The recommendation from Auth0's 2025 guidance: do not issue refresh tokens to AI agents for the duration of a single task. Instead, issue a time-limited access token scoped to exactly the permissions needed for that task, and require the orchestration layer (not the agent itself) to manage token refresh using a stored refresh token that the agent never sees.

Token Theft Vectors Unique to Agent Runtimes

Several theft vectors are specific to LLM-based agents:

Prompt injection: Malicious content in data the agent processes (emails, documents, web pages) can instruct the model to exfiltrate credentials. If the agent's refresh token is in its context window or reachable via a tool call, it can be stolen without any traditional network intrusion.

Tool call interception: In multi-agent pipelines, tool calls cross process boundaries. A compromised intermediate agent or MCP server can intercept credentials passed as tool arguments.

Memory extraction: Long-running agents with persistent memory may cache token values in their memory store. If that store is readable by other agents or accessible via a jailbreak, tokens can be extracted.

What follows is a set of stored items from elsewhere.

(* Let $\mathbf{k}=(k_1,\ldots,k_n)$ be an admissible index and $\alpha\in\mathbb{C}$ with $\mathrm{Re}\,\alpha>0$. Then for all $\beta\in\mathbb{C}$ with $|\beta-\alpha|<\mathrm{Re}\,\alpha$: (i) $\displaystyle Z(k_1,\ldots,k_n;\beta,\alpha)=\sum_{l=0}^{\infty}(\alpha-\beta)^l\sum_{i=0}^{l}\sum_{\substack{i_1+\cdots+i_{n-1}=i\\ i_j\in\mathbb{Z}_{\ge0}}}S_{l-i}(k_1,\{1\}^{i_1},k_2,\ldots,k_{n-1},\{1\}^{i_{n-1}},k_n;\alpha)$; (ii) $\displaystyle Z(k_1,\ldots,k_n;\alpha,\beta)=\sum_{l=0}^{\infty}(\alpha-\beta)^l\sum_{i=0}^{l}\sum_{\mathbf{i}^{(1)}_{k_1-1}+\cdots+\mathbf{i}^{(n)}_{k_n-2}=i}S_{l-i}\bigl(k_1+\mathbf{i}^{(1)}_{k_1-1},\ldots,k_{n-1}+\mathbf{i}^{(n-1)}_{k_{n-1}-1},k_n+\mathbf{i}^{(n)}_{k_n-2};\alpha\bigr)$.
   Context: An index $(k_1,\ldots,k_n)$ is admissible if all $k_i$ are positive integers and $k_n\ge2$. For $a\in\mathbb{C}$, $(a)_0=1$ and $(a)_m=a(a+1)\cdots(a+m-1)$ for $m\ge1$. For an admissible index and $\mathrm{Re}\,\alpha>0$, $\beta\notin\mathbb{Z}_{\le0}$, \[ Z(k_1,\ldots,k_n;\alpha,\beta)=\sum_{0\le m_1<\cdots<m_n}\frac{(\alpha)_{m_1}}{m_1!}\frac{m_n!}{(\alpha)_{m_n+1}}\frac{1}{(m_1+\beta)^{k_1}\cdots(m_{n-1}+\beta)^{k_{n-1}}(m_n+\beta)^{k_n-1}}, \] $Z(\mathbf{k};\alpha):=Z(\mathbf{k};\alpha,\alpha)$, and $S_l(\mathbf{k};\alpha):=\sum_{l_1+\cdots+l_n=l,\ l_i\in\mathbb{Z}_{\ge0}}Z(k_1+l_1,\ldots,k_n+l_n;\alpha)$. $\{1\}^a$ denotes $a$ consecutive entries equal to $1$. For $m\ge1$, $r\ge0$ and nonnegative integers $i^{(m)}_1,\ldots,i^{(m)}_r$, $\mathbf{i}^{(m)}_r:=i^{(m)}_1+\cdots+i^{(m)}_r$ (equal to $0$ if $r=0$); the sum over $\mathbf{i}^{(1)}_{k_1-1}+\cdots+\mathbf{i}^{(n)}_{k_n-2}=i$ runs over all tuples of nonnegative integers $(i^{(1)}_1,\ldots,i^{(1)}_{k_1-1},\ldots,i^{(n-1)}_1,\ldots,i^{(n-1)}_{k_{n-1}-1},i^{(n)}_1,\ldots,i^{(n)}_{k_n-2})$ with total sum $i$. *)

theory Defs
  imports "HOL-Analysis.Analysis"
begin

definition admissible :: "nat list \<Rightarrow> bool" where
  "admissible k \<longleftrightarrow> k \<noteq> [] \<and> (\<forall>x\<in>set k. 0 < x) \<and> 2 \<le> last k"

definition Z_term :: "nat list \<Rightarrow> complex \<Rightarrow> complex \<Rightarrow> nat list \<Rightarrow> complex" where
  "Z_term k \<alpha> \<beta> m =
     pochhammer \<alpha> (m ! 0) / of_nat (fact (m ! 0))
     * (of_nat (fact (last m)) / pochhammer \<alpha> (last m + 1))
     * (\<Prod>j<length k - 1. 1 / (of_nat (m ! j) + \<beta>) ^ (k ! j))
     * (1 / (of_nat (last m) + \<beta>) ^ (last k - 1))"

definition incr_tuples :: "nat \<Rightarrow> nat list set" where
  "incr_tuples n = {m. length m = n \<and> sorted_wrt (<) m}"

definition Z :: "nat list \<Rightarrow> complex \<Rightarrow> complex \<Rightarrow> complex" where
  "Z k \<alpha> \<beta> = infsum (Z_term k \<alpha> \<beta>) (incr_tuples (length k))"

definition comps :: "nat \<Rightarrow> nat \<Rightarrow> nat list set" where
  "comps r s = {l. length l = r \<and> sum_list l = s}"

definition S :: "nat \<Rightarrow> nat list \<Rightarrow> complex \<Rightarrow> complex" where
  "S l k \<alpha> = (\<Sum>ls\<in>comps (length k) l. Z (map2 (+) k ls) \<alpha> \<alpha>)"

text \<open>(k_1,{1}^{i_1},k_2,...,k_{n-1},{1}^{i_{n-1}},k_n) for is = (i_1,...,i_{n-1}).\<close>
definition insert_ones :: "nat list \<Rightarrow> nat list \<Rightarrow> nat list" where
  "insert_ones k is = concat (map2 (\<lambda>kj ij. kj # replicate ij 1) (butlast k) is) @ [last k]"

definition tuple_families :: "nat list \<Rightarrow> nat \<Rightarrow> nat list list set" where
  "tuple_families k i = {ts. length ts = length k
      \<and> (\<forall>j<length k. length (ts ! j) = (if j = length k - 1 then k ! j - 2 else k ! j - 1))
      \<and> sum_list (map sum_list ts) = i}"

definition raise_index :: "nat list \<Rightarrow> nat list list \<Rightarrow> nat list" where
  "raise_index k ts = map2 (\<lambda>kj t. kj + sum_list t) k ts"

end

theory Submission
  imports Defs
begin

text \<open>Write \<open>x = \<alpha> - \<beta>\<close> and \<open>z\<^sub>t = t + \<alpha>\<close>. For \<open>Z(k; \<alpha>, \<beta>)\<close> every factor
  \<open>1/(m\<^sub>j + \<beta>) = 1/(z\<^bsub>m\<^sub>j\<^esub> - x)\<close> of a summand is expanded into a geometric series in \<open>x\<close>;
  the resulting larger exponents of the \<open>z\<^bsub>m\<^sub>j\<^esub>\<close> are the raised indices and the shift in
  \<open>S\<^sub>l\<close>. For \<open>Z(k; \<beta>, \<alpha>)\<close> only the Pochhammer factor changes: it is the corresponding
  \<open>\<alpha>\<close>-factor times \<open>\<Prod>t=m\<^sub>1..m\<^sub>n. z\<^sub>t/(z\<^sub>t - x)\<close>. For \<open>t = m\<^sub>j\<close> the factor is expanded
  geometrically; for a gap \<open>t \<notin> {m\<^sub>1,...,m\<^sub>n}\<close> it is written as \<open>1 + x/(z\<^sub>t - x)\<close>, and choosing
  the second term inserts \<open>t\<close> as a new entry of the tuple, which produces the inserted ones.

  All these multiple series are dominated by the real series with parameter
  \<open>g = Re \<alpha> - |\<alpha> - \<beta>| > 0\<close>, which converges for admissible \<open>k\<close> because its summand decays like
  \<open>\<Prod>\<^sub>j (m\<^sub>j + 1)\<^bsup>-1-\<epsilon>\<^esup>\<close>. So the expansions may be rearranged: explicit bijections regroup
  the terms by the total power \<open>l\<close> of \<open>x\<close>, and the coefficient of \<open>x\<^sup>l\<close> is the stated finite
  sum of values of \<open>S\<close>.\<close>

section \<open>Sums of products of series\<close>

lemma has_sum_geometric_inverse_diff:
  fixes x z :: "'a :: {real_normed_field, banach}"
  assumes "norm x < norm z"
  shows "((\<lambda>d. x ^ d / z ^ Suc d) has_sum 1 / (z - x)) UNIV"
    and "(\<lambda>d. norm (x ^ d / z ^ Suc d)) summable_on UNIV"
proof -
  have z0: "z \<noteq> 0" using assms by auto
  have q: "norm (x / z) < 1" using assms z0 by (simp add: norm_divide divide_less_eq)
  have eq: "(\<lambda>d. (x/z) ^ d * (1/z)) = (\<lambda>d. x ^ d / z ^ Suc d)"
    by (auto simp: power_divide)
  have "(\<lambda>d. (x/z) ^ d * (1/z)) sums (1 / (1 - x/z) * (1/z))"
    by (rule sums_mult2[OF geometric_sums[OF q]])
  moreover have "1 / (1 - x/z) * (1/z) = 1 / (z - x)"
    using z0 by (simp add: field_simps)
  ultimately have s: "(\<lambda>d. x ^ d / z ^ Suc d) sums (1 / (z - x))" by (simp only: eq)
  have "(\<lambda>d. norm (x/z) ^ d * (1 / norm z)) = (\<lambda>d. norm (x ^ d / z ^ Suc d))"
    by (auto simp: norm_divide norm_power power_divide norm_mult)
  moreover have "summable (\<lambda>d. norm (x/z) ^ d * (1 / norm z))"
    by (intro summable_mult2 summable_geometric) (use q in simp)
  ultimately have ns: "summable (\<lambda>d. norm (x ^ d / z ^ Suc d))" by simp
  show "((\<lambda>d. x ^ d / z ^ Suc d) has_sum 1 / (z - x)) UNIV"
    by (rule norm_summable_imp_has_sum[OF ns s])
  show "(\<lambda>d. norm (x ^ d / z ^ Suc d)) summable_on UNIV"
    using ns by (intro summable_nonneg_imp_summable_on) auto
qed

lemma norm_geometric_term:
  fixes x z :: "'a::real_normed_field"
  shows "norm (x ^ d / z ^ Suc d) = norm x ^ d / norm z ^ Suc d"
  by (simp add: norm_divide norm_power del: power_Suc)

lemma norm_prod_summable_on_PiE:
  fixes f :: "'a \<Rightarrow> 'b \<Rightarrow> 'c :: {banach, real_normed_field}"
  assumes fin: "finite A" and ab: "\<And>x. x \<in> A \<Longrightarrow> (\<lambda>y. norm (f x y)) summable_on B x"
  shows "(\<lambda>g. norm (\<Prod>x\<in>A. f x (g x))) summable_on PiE A B"
proof (cases "\<exists>x\<in>A. infsum (\<lambda>y. norm (f x y)) (B x) = 0")
  case True
  then obtain x where x: "x \<in> A" "infsum (\<lambda>y. norm (f x y)) (B x) = 0" by blast
  have "f x y = 0" if "y \<in> B x" for y
    using nonneg_infsum_le_0D[of "\<lambda>y. norm (f x y)" "B x" y] ab[OF x(1)] x(2) that by auto
  hence "(\<Prod>x\<in>A. f x (g x)) = 0" if "g \<in> PiE A B" for g
    using that x(1) fin by (intro prod_zero) (auto simp: PiE_def Pi_def)
  hence "(\<lambda>g. norm (\<Prod>x\<in>A. f x (g x))) summable_on PiE A B \<longleftrightarrow> (\<lambda>g. 0::real) summable_on PiE A B"
    by (intro summable_on_cong) auto
  thus ?thesis by simp
next
  case False
  have "infsum (\<lambda>g. \<Prod>x\<in>A. norm (f x (g x))) (PiE A B) = (\<Prod>x\<in>A. infsum (\<lambda>y. norm (f x y)) (B x))"
    by (rule infsum_prod_PiE_abs[OF fin]) (use ab in simp)
  moreover have "(\<Prod>x\<in>A. infsum (\<lambda>y. norm (f x y)) (B x)) \<noteq> 0"
    using False fin by simp
  ultimately have "(\<lambda>g. \<Prod>x\<in>A. norm (f x (g x))) summable_on PiE A B"
    using infsum_not_exists by fastforce
  thus ?thesis by (simp add: prod_norm)
qed

lemma has_sum_prod_PiE:
  fixes f :: "'a \<Rightarrow> 'b \<Rightarrow> 'c :: {banach, real_normed_field}"
  assumes fin: "finite A" and hs: "\<And>x. x \<in> A \<Longrightarrow> (f x has_sum s x) (B x)"
    and ab: "\<And>x. x \<in> A \<Longrightarrow> (\<lambda>y. norm (f x y)) summable_on B x"
  shows "((\<lambda>g. \<Prod>x\<in>A. f x (g x)) has_sum (\<Prod>x\<in>A. s x)) (PiE A B)"
proof -
  have "(\<lambda>g. \<Prod>x\<in>A. f x (g x)) summable_on PiE A B"
    using norm_prod_summable_on_PiE[OF fin ab] by (rule abs_summable_summable)
  moreover have "infsum (\<lambda>g. \<Prod>x\<in>A. f x (g x)) (PiE A B) = (\<Prod>x\<in>A. infsum (f x) (B x))"
    by (rule infsum_prod_PiE_abs[OF fin ab])
  moreover have "(\<Prod>x\<in>A. infsum (f x) (B x)) = (\<Prod>x\<in>A. s x)"
    using hs by (intro prod.cong) (auto simp: has_sum_iff)
  ultimately show ?thesis by (simp add: has_sum_iff)
qed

Log leakage: Agent frameworks that log tool arguments in debug mode can write refresh tokens to log files, which may be stored in less secure infrastructure than the credential vault.

Mitigation strategies:

  • Never put token values in the agent's context window; resolve them just-in-time via a vault API call
  • Use opaque references ("the GitHub token for this user") rather than raw values when passing credentials between agents
  • Ensure agent memory stores have the same access controls as the credential vault
  • Audit all tool call argument logging to confirm sensitive values are redacted

Credential Vault Integration

A production-grade agent authentication architecture centralizes token management in a dedicated vault service rather than distributing credentials across agent processes:

┌─────────────────────────────────────────────────────────┐
│                    Credential Vault                      │
│  - Stores refresh tokens encrypted at rest (AES-256-GCM)│
│  - Handles token rotation transparently                  │
│  - Issues short-lived access tokens to agents on demand  │
│  - Enforces per-agent, per-user scope restrictions       │
│  - Provides audit log for every credential access        │
└──────────────────────┬──────────────────────────────────┘
                       │ Authenticated vault API call
                       │ (agent presents workload identity,
                       │  receives scoped access token)
              ┌────────▼────────┐
              │   Agent Worker  │
              │ (stateless,     │
              │  no stored creds│
              └────────┬────────┘
                       │ Bearer access_token (short-lived)
                       ▼
              Resource Server APIs

The agent never holds a refresh token. It holds only a short-lived access token obtained from the vault, which itself manages the refresh token rotation cycle. This containment means that even a fully compromised agent process cannot exfiltrate durable credentials — the access token it holds expires within minutes and cannot be used to obtain new ones.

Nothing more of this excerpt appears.